Fort Strino Auf dem Weg vom Tonale­pass nach Malé befindet sich oberhalb einer lang­gezogenen Linkskurve eins von vier ehemaligen alt­öster­reichischen Sperrforts am Tonale, das Forte Strino.

Das Sperrfort wurde als erstes dieser Art in den Jahren 1860 bis 1864 von den Österreichern erbaut. Hier verlief die südlichste Grenze des Kaiserreichs Österreich-Ungarn. Das Sperrfort sollte im Falle eines Krieges das Durchbrechen der italienischen Armee verhindern. In den Folgejahren bis zum Ausbruch des 1. Weltkrieges 1915 wurden noch annähernd 30 große Festungswerke in expo­nier­ten Grenzlagen des Kaiserreichs gebaut.

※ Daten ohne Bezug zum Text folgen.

(* Let $\mathbf{A}$ be a countable UL-chain and let $\mathscr{K}_0$ be the class of all finite $\mathbf{A}$-structures $\langle\mathbf{A},\mathbf{M}\rangle$ in the language with a single binary relation symbol $<$ (and no other symbols) such that for all $a,b,c\in M$: (0.1) $\|a<a\|^{\mathbf{A}}_{\mathbf{M}}\ge \bar 1$, and (0.2) $\|(a<b\wedge b<c)\to a<c\|^{\mathbf{A}}_{\mathbf{M}}\ge\bar 1$. Then $\mathscr{K}_0^{\cong}$ is the age of some $\mathbf{A}$-structure.
   Context: A UL-algebra is $\mathbf{A}=\langle A,\wedge,\vee,\&,\to,\bar 0,\bar 1,\bot,\top\rangle$ where $\langle A,\wedge,\vee,\bot,\top\rangle$ is a bounded lattice, $\langle A,\&,\bar 1\rangle$ is a commutative monoid, $a\& b\le c$ iff $b\le a\to c$, and $((a\to b)\wedge\bar 1)\vee((b\to a)\wedge \bar 1)=\bar 1$; a UL-chain is one with linear order. An $\mathbf{A}$-structure for the language $\{<\}$ is a set $M$ with a function $<_{\mathbf{M}}:M^2\to A$; $\|a<b\|^{\mathbf{A}}_{\mathbf{M}}=<_{\mathbf{M}}(a,b)$ and compound quantifier-free formulas are evaluated by the operations of $\mathbf{A}$. A substructure is a subset with the restricted relation; an embedding is an injective map preserving the value of $<$ (hence of all quantifier-free formulas), with the identity on $\mathbf{A}$; an isomorphism is a surjective embedding. $\mathscr{K}^{\cong}$ denotes a class containing exactly one representative of each isomorphism type of members of $\mathscr{K}$. The age of an $\mathbf{A}$-structure is the class, up to isomorphism, of its finitely generated (here: finite) substructures and their isomorphic copies. *)

theory Defs
  imports Main "HOL-Library.Countable_Set"
begin

record 'a ul_alg =
  carrier :: "'a set"
  meet :: "'a \<Rightarrow> 'a \<Rightarrow> 'a"
  join :: "'a \<Rightarrow> 'a \<Rightarrow> 'a"
  fus  :: "'a \<Rightarrow> 'a \<Rightarrow> 'a"
  imp  :: "'a \<Rightarrow> 'a \<Rightarrow> 'a"
  zer  :: 'a
  one  :: 'a
  bot  :: 'a
  top  :: 'a

definition ul_le :: "'a ul_alg \<Rightarrow> 'a \<Rightarrow> 'a \<Rightarrow> bool" where
  "ul_le A a b \<longleftrightarrow> meet A a b = a"

definition UL_algebra :: "'a ul_alg \<Rightarrow> bool" where
  "UL_algebra A \<longleftrightarrow>
    (let C = carrier A in
     \<comment> \<open>closure of the carrier under the operations\<close>
     (\<forall>a\<in>C. \<forall>b\<in>C. meet A a b \<in> C \<and> join A a b \<in> C \<and> fus A a b \<in> C \<and> imp A a b \<in> C) \<and>
     zer A \<in> C \<and> one A \<in> C \<and> bot A \<in> C \<and> top A \<in> C \<and>
     \<comment> \<open>bounded lattice\<close>
     (\<forall>a\<in>C. \<forall>b\<in>C. meet A a b = meet A b a \<and> join A a b = join A b a) \<and>
     (\<forall>a\<in>C. \<forall>b\<in>C. \<forall>c\<in>C. meet A (meet A a b) c = meet A a (meet A b c)
                          \<and> join A (join A a b) c = join A a (join A b c)) \<and>
     (\<forall>a\<in>C. \<forall>b\<in>C. meet A a (join A a b) = a \<and> join A a (meet A a b) = a) \<and>
     (\<forall>a\<in>C. meet A (bot A) a = bot A \<and> meet A (top A) a = a) \<and>
     \<comment> \<open>commutative monoid\<close>
     (\<forall>a\<in>C. \<forall>b\<in>C. fus A a b = fus A b a) \<and>
     (\<forall>a\<in>C. \<forall>b\<in>C. \<forall>c\<in>C. fus A (fus A a b) c = fus A a (fus A b c)) \<and>
     (\<forall>a\<in>C. fus A (one A) a = a) \<and>
     \<comment> \<open>residuation\<close>
     (\<forall>a\<in>C. \<forall>b\<in>C. \<forall>c\<in>C. ul_le A (fus A a b) c \<longleftrightarrow> ul_le A b (imp A a c)) \<and>
     \<comment> \<open>prelinearity\<close>
     (\<forall>a\<in>C. \<forall>b\<in>C. join A (meet A (imp A a b) (one A)) (meet A (imp A b a) (one A)) = one A))"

Das Forte Strino war mit einem zweiten, unterhalb der Straße gelegenen, kleineren Forte durch eine ca. 140 m lange, gedeckte Treppe verbunden. In Richtung des Tales wurde ein breiter Streifen gerodet und planiert, so daß die Sicht auf den Gegner durch nichts verdeckt werden konnte. Diese gerodete Umgebung war zusätzlich mit unzähligen Stacheldrahtsperren gesichert. Sämtliche Forts waren vollkommen unabhängig - mit eigener Strom- und Wasserversorgung, Brotofen und Verbandsplatz.

Die dicken Natursteinmauern beherbergten ursprünglich 7 Geschütze, verteilt über zwei Stock­werke, zahlreiche Schießscharten für den Nahkampf unterbrechen die dicken Mauern. Erst spä­ter setzte sich in der Bautechnik solcher Festungen Eisenbeton und Stahl durch.

Fort Strino Als im Mai 1915 die ersten Kanonendonner das Val di Stavel erzittern ließen, war das Forte vollkommen moder­nisiert worden. Es be­gann der sogenannte "Weiße Krieg", dessen Stellungskämpfe vielfach in über 3500 m Höhe statt­fanden.

Heutzutage ist es unvor­stell­bar, unter welchen klimatischen, geographi­schen und psychologischen Bedingungen diese Ge­fech­te stattfanden und die Sol­da­ten zu überleben ver­suchten.

Wochenlange Temperaturen unter -20 °C, Schneehöhen über 10 m, ständige Blitzschlag- und Lawinengefahr ließen das Leben der ausharrenden Gebirgsjäger auch ohne Gefechte zu einem Kampf gegen die Naturgewalten werden. Erst nach Jahrzehnten des Verfalls besann man sich nun der geschichtlichen Werte. Durch die Not der Nachkriegszeit wurde von Einheimischen abgebaut, was nur abzubauen ging. (Der Ort Vermiglio unweit des Forts wurde im Krieg bombardiert und vollständig zerstört.)

So elegant, wie sich uns das Forte Strino heute nach umfangreicher Restaurierung und Wieder­aufbau darbietet, wird es wahrscheinlich nicht ausgesehen haben. Wir befürchten, daß die Außenansicht etwas "verschlimmbessert" wurde. Wer einen steilen, aber selbst in Motorrad­klamotten akzeptablen Treppenaufstieg nicht scheut, kann das Fort besichtigen.